Dije que a pesar de tener interrogantes y desacuerdos frente al Acuerdo, votaría Sí –como efectivamente lo hice- porque, además de estar convencida de que la mejor arma para desarmar un conflicto es una mesa, quería privilegiar la esperanza sobre el temor, dando una posibilidad a la posibilidad de hacer la paz. Y resalté que había que emprender el otro desminado, el de los espíritus:
Con su permiso me cito: “Por lo único que debemos alzar la voz es por reivindicar nuestro derecho al voto. Al voto ético que será el voto de la gente… Un Sí o un No, a consciencia, merecen igual respeto… No será fácil conseguir que aquí quepamos todos con todo y nuestras diferencias, a veces tan profundas, ni mucho menos será rápido. Con el estado paquidérmico que tenemos, la sobredosis de sufrimiento que cargamos y la prevención, fundada casi siempre, que mantenemos…”.
Me reafirmo hoy en cada una de las anteriores palabras. Sobre todo por las guerras cotidianas en las que nos metió la paz; desde las tribunas públicas hasta los más familiares de los chats, los colombianos comenzamos a dar muestras de una polarización que no dejó ninguna duda en las urnas: 50.21% en el frente del No y 49.78% en el del Sí. Casi un empate técnico, pero hubo ganador y eso hay que respetarlo, son los agridulces de la democracia que defendemos.
El plebiscito hizo con el país lo que el mago con su asistenta: lo partió por la mitad. Sólo que aquí no habrá arte de birlibirloque que devuelva al escenario a la mujer enterita.
Cualquier camino que se elija –diferente al conocido de las balas, por supuesto– se vislumbra largo y culebrero.

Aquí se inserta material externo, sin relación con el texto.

lemma log_ratio_error:
  fixes p a K :: real
  assumes "p > 0"
  shows "\<exists>B. \<forall>y w. 0 \<le> w \<longrightarrow> w \<le> K \<longrightarrow>
           w powr p * \<bar>(ln (y\<^sup>2 * w\<^sup>2 + 2) / ln (y\<^sup>2 + 2)) powr a - 1\<bar> \<le> B / ln (y\<^sup>2 + 2)"
proof -
  obtain B1 B2 where
    B1: "\<And>y w. 0 < w \<Longrightarrow> w \<le> K \<Longrightarrow> exp (- ln (y\<^sup>2 + 2) / 4) \<le> w \<Longrightarrow>
           w powr p * \<bar>(ln (y\<^sup>2 * w\<^sup>2 + 2) / ln (y\<^sup>2 + 2)) powr a - 1\<bar> \<le> B1 / ln (y\<^sup>2 + 2)" and
    B2: "\<And>y w. 0 < w \<Longrightarrow> w \<le> K \<Longrightarrow> w < exp (- ln (y\<^sup>2 + 2) / 4) \<Longrightarrow>
           w powr p * \<bar>(ln (y\<^sup>2 * w\<^sup>2 + 2) / ln (y\<^sup>2 + 2)) powr a - 1\<bar> \<le> B2 / ln (y\<^sup>2 + 2)"
    using log_ratio_error_moderate[OF assms, of K a] log_ratio_error_tiny[OF assms, of K a] by blast
  show ?thesis
  proof (intro exI allI impI)
    fix y w :: real assume w: "0 \<le> w" "w \<le> K"
    let ?B = "max (max B1 B2) 0 / ln (y\<^sup>2 + 2)"
    have bounds: "B1 / ln (y\<^sup>2 + 2) \<le> ?B" "B2 / ln (y\<^sup>2 + 2) \<le> ?B" "0 \<le> ?B"
      using ln_sq_plus_two_pos[of y] by (auto intro: divide_right_mono)
    consider "w = 0" | "0 < w" "exp (- ln (y\<^sup>2 + 2) / 4) \<le> w"
      | "0 < w" "w < exp (- ln (y\<^sup>2 + 2) / 4)"
      using w by linarith
    then show "w powr p * \<bar>(ln (y\<^sup>2 * w\<^sup>2 + 2) / ln (y\<^sup>2 + 2)) powr a - 1\<bar> \<le> ?B"
    proof cases
      case 2
      then show ?thesis using B1[OF 2(1) w(2) 2(2)] bounds by linarith
    next
      case 3
      then show ?thesis using B2[OF 3(1) w(2) 3(2)] bounds by linarith
    qed (use bounds in simp)
  qed
qed

subsection \<open>The tail integral\<close>

definition tail_density :: "real \<Rightarrow> real \<Rightarrow> real \<Rightarrow> real" where
  "tail_density p a x = 1 / (x powr p * ln (x\<^sup>2 + 2) powr a)"

definition tail :: "real \<Rightarrow> real \<Rightarrow> real \<Rightarrow> real" where
  "tail p a y = integral {y..} (tail_density p a)"

definition tail_approx :: "real \<Rightarrow> real \<Rightarrow> real \<Rightarrow> real" where
  "tail_approx p a y = y powr (1 - p) * ln (y\<^sup>2 + 2) powr (- a) / (p - 1)"

definition tail_correction :: "real \<Rightarrow> real \<Rightarrow> real \<Rightarrow> real" where
  "tail_correction p a x = 2 * a * x\<^sup>2 / ((p - 1) * (x\<^sup>2 + 2) * ln (x\<^sup>2 + 2))"

definition correction_bound :: "real \<Rightarrow> real \<Rightarrow> real \<Rightarrow> real" where
  "correction_bound p a y = 2 * \<bar>a\<bar> / ((p - 1) * ln (y\<^sup>2 + 2))"

text \<open>Beyond this point the correction is at most 1/2.\<close>
definition correction_threshold :: "real \<Rightarrow> real \<Rightarrow> real" where
  "correction_threshold p a = exp (2 * \<bar>a\<bar> / (p - 1))"

context
  fixes p a :: real
  assumes p_gt_1: "p > 1"
begin

lemma tail_approx_has_derivative:
  assumes "x > 0"
  shows "(tail_approx p a has_real_derivative
           - (tail_density p a x * (1 + tail_correction p a x))) (at x)"
proof -
  define L where "L = ln (x\<^sup>2 + 2)"
  define D where "D = x\<^sup>2 + 2"
  have L: "L > 0" and D: "D > 0"
    unfolding L_def D_def using ln_sq_plus_two_pos sq_plus_two_pos by auto
  have "(tail_approx p a has_real_derivative
     ((1-p) * x powr (1-p-1) * L powr (-a) + x powr (1-p) * ((-a) * L powr (-a-1) * ((2*x)/D)))/(p-1)) (at x)"
    unfolding tail_approx_def L_def D_def using assms p_gt_1 L[unfolded L_def] sq_plus_two_pos[of x]
    by (auto intro!: derivative_eq_intros simp: power2_eq_square)
  moreover have "((1-p) * x powr (1-p-1) * L powr (-a) + x powr (1-p) * ((-a) * L powr (-a-1) * ((2*x)/D)))/(p-1)
     = - (tail_density p a x * (1 + tail_correction p a x))"
  proof -
    have "x powr (1-p-1) = 1 / x powr p" "x powr (1-p) = x / x powr p"
      using assms by (simp_all add: powr_diff powr_minus_divide)
    moreover have "L powr (-a) = 1 / L powr a" "L powr (-a-1) = 1 / (L powr a * L)"
      using L by (simp_all add: powr_diff powr_minus_divide)
    moreover have "x powr p > 0" "L powr a > 0" using assms L by auto
    \<comment> \<open>with \<open>x powr p\<close> and \<open>L powr a\<close> abstracted, \<open>field_simps\<close> does not unfold \<open>powr\<close>\<close>
    moreover have "((1-p) * (1/X) * (1/A) + (x/X) * ((-a) * (1/(A*L)) * ((2*x)/D))) / (p-1)
        = - (1/(X*A) * (1 + 2*a*(x*x) / ((p-1)*D*L)))" if "X > 0" "A > 0" for X A :: real
      using that L D p_gt_1 by (simp add: field_simps)
    ultimately show ?thesis
      unfolding tail_density_def tail_correction_def D_def[symmetric]
      by (simp add: power2_eq_square L_def D_def)
  qed
  ultimately show ?thesis by simp
qed

lemma tail_density_pos: "x > 0 \<Longrightarrow> tail_density p a x > 0"
  unfolding tail_density_def using ln_sq_plus_two_pos[of x] by simp

lemma continuous_on_tail_density: "continuous_on {0<..} (tail_density p a)"
proof -
  have "ln (x\<^sup>2 + 2) \<noteq> 0" "x\<^sup>2 + 2 \<noteq> 0" for x :: real
    using ln_sq_plus_two_pos[of x] sq_plus_two_pos[of x] by auto
  then show ?thesis unfolding tail_density_def
    using ln_sq_plus_two_pos sq_plus_two_pos by (auto intro!: continuous_intros)
qed

lemma continuous_on_tail_correction: "continuous_on {0<..} (tail_correction p a)"
proof -
  have "ln (x\<^sup>2 + 2) \<noteq> 0" "x\<^sup>2 + 2 \<noteq> 0" for x :: real
    using ln_sq_plus_two_pos[of x] sq_plus_two_pos[of x] by auto
  then show ?thesis unfolding tail_correction_def
    using ln_sq_plus_two_pos sq_plus_two_pos p_gt_1 by (auto intro!: continuous_intros)
qed

lemma correction_threshold_ge_1: "correction_threshold p a \<ge> 1"
  using p_gt_1 by (simp add: correction_threshold_def)

lemma correction_threshold_pos: "correction_threshold p a > 0"
  using correction_threshold_ge_1 by linarith

lemma correction_bound_nonneg: "correction_bound p a x \<ge> 0"
  unfolding correction_bound_def using p_gt_1 ln_sq_plus_two_pos[of x] by auto

lemma correction_bound_antimono: "0 \<le> y \<Longrightarrow> y \<le> x \<Longrightarrow> correction_bound p a x \<le> correction_bound p a y"
  unfolding correction_bound_def using p_gt_1 ln_sq_plus_two_pos[of y] ln_sq_plus_two_mono[of y x]
  by (intro divide_left_mono mult_left_mono) auto

lemma abs_tail_correction_le: "\<bar>tail_correction p a x\<bar> \<le> correction_bound p a x"
proof -
  have "\<bar>tail_correction p a x\<bar> = correction_bound p a x * (x\<^sup>2 / (x\<^sup>2 + 2))"
    unfolding tail_correction_def correction_bound_def
    using ln_sq_plus_two_pos[of x] p_gt_1 sq_plus_two_pos[of x]
    by (simp add: abs_mult abs_divide abs_of_pos)
  also have "\<dots> \<le> correction_bound p a x"
    using sq_plus_two_pos[of x] correction_bound_nonneg by (intro mult_right_le_one_le) auto
  finally show ?thesis .
qed

lemma correction_bound_le_half:
  assumes "x \<ge> correction_threshold p a"
  shows "correction_bound p a x \<le> 1/2"
proof -
  have x: "x > 0" using assms correction_threshold_pos by linarith
  have "2 * \<bar>a\<bar> / (p - 1) = ln (correction_threshold p a)"
    by (simp add: correction_threshold_def)
  also have "\<dots> \<le> ln x" using assms correction_threshold_pos by simp
  also have "\<dots> = ln (x\<^sup>2) / 2" using x by (simp add: ln_realpow)
  also have "\<dots> \<le> ln (x\<^sup>2 + 2) / 2"
    using x sq_plus_two_pos[of x] by (intro divide_right_mono, subst ln_le_cancel_iff) auto
  finally have "4 * \<bar>a\<bar> \<le> (p - 1) * ln (x\<^sup>2 + 2)" using p_gt_1 by (simp add: field_simps)
  thus ?thesis unfolding correction_bound_def using ln_sq_plus_two_pos[of x] p_gt_1
    by (simp add: divide_le_eq)
qed

lemma corrected_density_nonneg:
  assumes "x \<ge> correction_threshold p a"
  shows "tail_density p a x * (1 + tail_correction p a x) \<ge> 0"
  using abs_tail_correction_le[of x] correction_bound_le_half[OF assms]
    tail_density_pos[of x] assms correction_threshold_pos by auto

lemma corrected_density_has_integral_interval:
  assumes "0 < y" "y \<le> b"
  shows "((\<lambda>x. tail_density p a x * (1 + tail_correction p a x))
           has_integral (tail_approx p a y - tail_approx p a b)) {y..b}"
proof -
  have "((\<lambda>x. tail_density p a x * (1 + tail_correction p a x)) has_integral
          ((\<lambda>x. - tail_approx p a x) b - (\<lambda>x. - tail_approx p a x) y)) {y..b}"
  proof (rule fundamental_theorem_of_calculus[OF assms(2)])
    fix x assume "x \<in> {y..b}"
    hence "x > 0" using assms by auto
    from DERIV_minus[OF tail_approx_has_derivative[OF this]]
    show "((\<lambda>x. - tail_approx p a x) has_vector_derivative
            tail_density p a x * (1 + tail_correction p a x)) (at x within {y..b})"
      by (simp add: has_real_derivative_iff_has_vector_derivative[symmetric] has_field_derivative_at_within)
  qed
  thus ?thesis by simp
qed

lemma tail_approx_at_top: "(tail_approx p a \<longlongrightarrow> 0) at_top"
  unfolding tail_approx_def using p_gt_1 by real_asymp

lemma tail_approx_at_right_0: "filterlim (tail_approx p a) at_top (at_right 0)"
  unfolding tail_approx_def using p_gt_1 by real_asymp

lemma corrected_density_has_integral:
  assumes "y \<ge> correction_threshold p a"
  shows "((\<lambda>x. tail_density p a x * (1 + tail_correction p a x)) has_integral tail_approx p a y) {y..}"
proof (rule has_integral_to_inf)
  have y: "y > 0" using assms correction_threshold_pos by linarith
  have "continuous_on {0<..} (\<lambda>x. tail_density p a x * (1 + tail_correction p a x))"
    by (intro continuous_on_mult continuous_on_add continuous_on_const
          continuous_on_tail_density continuous_on_tail_correction)
  then show "(\<lambda>x. tail_density p a x * (1 + tail_correction p a x)) integrable_on {y..b}" for b
    using y by (intro integrable_continuous_interval) (auto elim!: continuous_on_subset)
  have "((\<lambda>b. tail_approx p a y - tail_approx p a b) \<longlongrightarrow> tail_approx p a y - 0) at_top"
    by (intro tendsto_intros tail_approx_at_top)
  moreover have "eventually (\<lambda>b. integral {y..b} (\<lambda>x. tail_density p a x * (1 + tail_correction p a x))
                                 = tail_approx p a y - tail_approx p a b) at_top"
    using corrected_density_has_integral_interval[OF y] eventually_at_top_linorder by blast
  ultimately show "((\<lambda>b. integral {y..b} (\<lambda>x. tail_density p a x * (1 + tail_correction p a x)))
                     \<longlongrightarrow> tail_approx p a y) at_top"
    by (simp add: tendsto_cong)
  show "tail_density p a x * (1 + tail_correction p a x) \<ge> 0" if "y \<le> x" for x
    using that assms by (intro corrected_density_nonneg) auto
qed

lemma tail_density_integrable_interval: "0 < y \<Longrightarrow> tail_density p a integrable_on {y..b}"
  by (rule integrable_continuous_interval, rule continuous_on_subset[OF continuous_on_tail_density]) auto

lemma tail_density_integrable_beyond_threshold:
  assumes "y \<ge> correction_threshold p a"
  shows "tail_density p a integrable_on {y..}"
proof (rule measurable_bounded_by_integrable_imp_integrable_real)
  have y: "y > 0" using assms correction_threshold_pos by linarith
  show "tail_density p a \<in> borel_measurable (lebesgue_on {y..})"
    using y by (intro continuous_imp_measurable_on_sets_lebesgue
                  continuous_on_subset[OF continuous_on_tail_density]) auto
  show "(\<lambda>x. 2 * (tail_density p a x * (1 + tail_correction p a x))) integrable_on {y..}"
    using integrable_on_cmult_left[OF has_integral_integrable[OF corrected_density_has_integral[OF assms]], of 2]
    by simp
  show "{y..} \<in> sets lebesgue" by simp
  fix x assume "x \<in> {y..}"
  hence x: "x \<ge> correction_threshold p a" "x > 0" using assms y by auto
  have "1 + 2 * tail_correction p a x \<ge> 0"
    using abs_tail_correction_le[of x] correction_bound_le_half[OF x(1)] by linarith
  then have "tail_density p a x * (1 + 2 * tail_correction p a x) \<ge> 0"
    using tail_density_pos[OF x(2)] by simp
  moreover have "2 * (tail_density p a x * (1 + tail_correction p a x))
      = tail_density p a x + tail_density p a x * (1 + 2 * tail_correction p a x)"
    by (simp add: ring_distribs)
  ultimately show "\<bar>tail_density p a x\<bar> \<le> 2 * (tail_density p a x * (1 + tail_correction p a x))"
    using tail_density_pos[OF x(2)] by simp
qed

lemma tail_density_integrable:
  assumes "y > 0"
  shows "tail_density p a integrable_on {y..}"
proof (cases "y \<ge> correction_threshold p a")
  case True
  then show ?thesis by (rule tail_density_integrable_beyond_threshold)
next
  case False
  define X where "X = correction_threshold p a"
  have "(tail_density p a has_integral
          (integral {y..X} (tail_density p a) + integral {X..} (tail_density p a))) ({y..X} \<union> {X..})"
  proof (rule has_integral_Un)
    have "{y..X} \<inter> {X..} = {X}" using False unfolding X_def by auto
    then show "negligible ({y..X} \<inter> {X..})" by simp
  qed (use tail_density_integrable_interval[OF assms] tail_density_integrable_beyond_threshold[of X]
       X_def in auto)
  moreover have "{y..X} \<union> {X..} = {y..}" using False unfolding X_def by auto
  ultimately show ?thesis by auto
qed

lemma tail_split:
  assumes "0 < y" "y \<le> b"
  shows "tail p a y = integral {y..b} (tail_density p a) + tail p a b"
proof -
  have "(tail_density p a has_integral (integral {y..b} (tail_density p a) + tail p a b)) ({y..b} \<union> {b..})"
    unfolding tail_def
    by (rule has_integral_Un)
       (use tail_density_integrable_interval[OF assms(1)] tail_density_integrable[of b] assms in auto)
  moreover have "{y..b} \<union> {b..} = {y..}" using assms by auto
  ultimately show ?thesis unfolding tail_def by auto
qed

Colombia está en la cuerda floja y un solo papirotazo basta para que se incline de un lado o del otro. Y eso, teniendo en cuenta que los resultados del domingo, excepto a Pacho Santos, a los promotores de uno y otro bando los cogieron fuera de base –sin tener claro cuál es el camino a seguir– no mitiga en nada la incertidumbre que estamos viviendo.
Ojalá los líderes de los diversos grupos –empezando por los políticos, Santos y Uribe- transformen el acostumbrado choque de egos, en voluntad práctica para sacar al país de este limbo en el que amaneció el lunes. Se lo deben a las víctimas que son y han sido, y a las que podrían ser.
Es la hora de la grandeza, señores, el tiempo apremia. Alargar el tire y afloje hasta las elecciones del 2018 es inaceptable. Que se note, entonces, que el anhelo común sí es, como aseguran ustedes, conseguir el fin definitivo del conflicto.
La urgencia de lograr un consenso –ojo que no estoy hablando de unanimidad- entre los de acá es manifiesta. Sin él no es posible sacar adelante un acuerdo con los de allá. (Sin Uribe, Santos no puede hacer la paz; sin Santos, Uribe tampoco). Puntos en común sí que los debe haber en las 297 páginas del mamotreto. A por ellos –como dicen en España- antes de que caigan en la caneca del reciclaje.
Las primeras reacciones de los tres directos implicados dejaron abierta, por fortuna, una puerta a la esperanza. Falta ver si fueron declaraciones políticamente correctas y ya. Porque aunque esta semana el olor a tinto ha invadido las salas de crisis y una extraña calma se percibe en los mentideros políticos, con el paso de los días el batacazo inicial se va asentando y vuelven –los entrevistados de la radio– a estirar la media de lycra que para varios de ellos es Colombia.
¿Qué va a pasar? That´s the question.
ETCÉTERA: “Construir a partir del resultado de hoy sólo es posible si cada uno decide dar el primer paso para creer y reconciliarse con los demás colombianos. Si todos aceptamos, unidos en la diferencia, fortalecer la opción ganadora con los aportes enriquecedores y viables de la opción que resulte perdedora”, concluyó su columna del 2 de octubre (El Colombiano) el jesuíta Francisco de Roux y yo me tomo prestada tal consideración para concluir hoy la mía. (Me hubiera encantado poder escribirlo igual, algún gen ignaciano tendré a la deriva por mi ADN).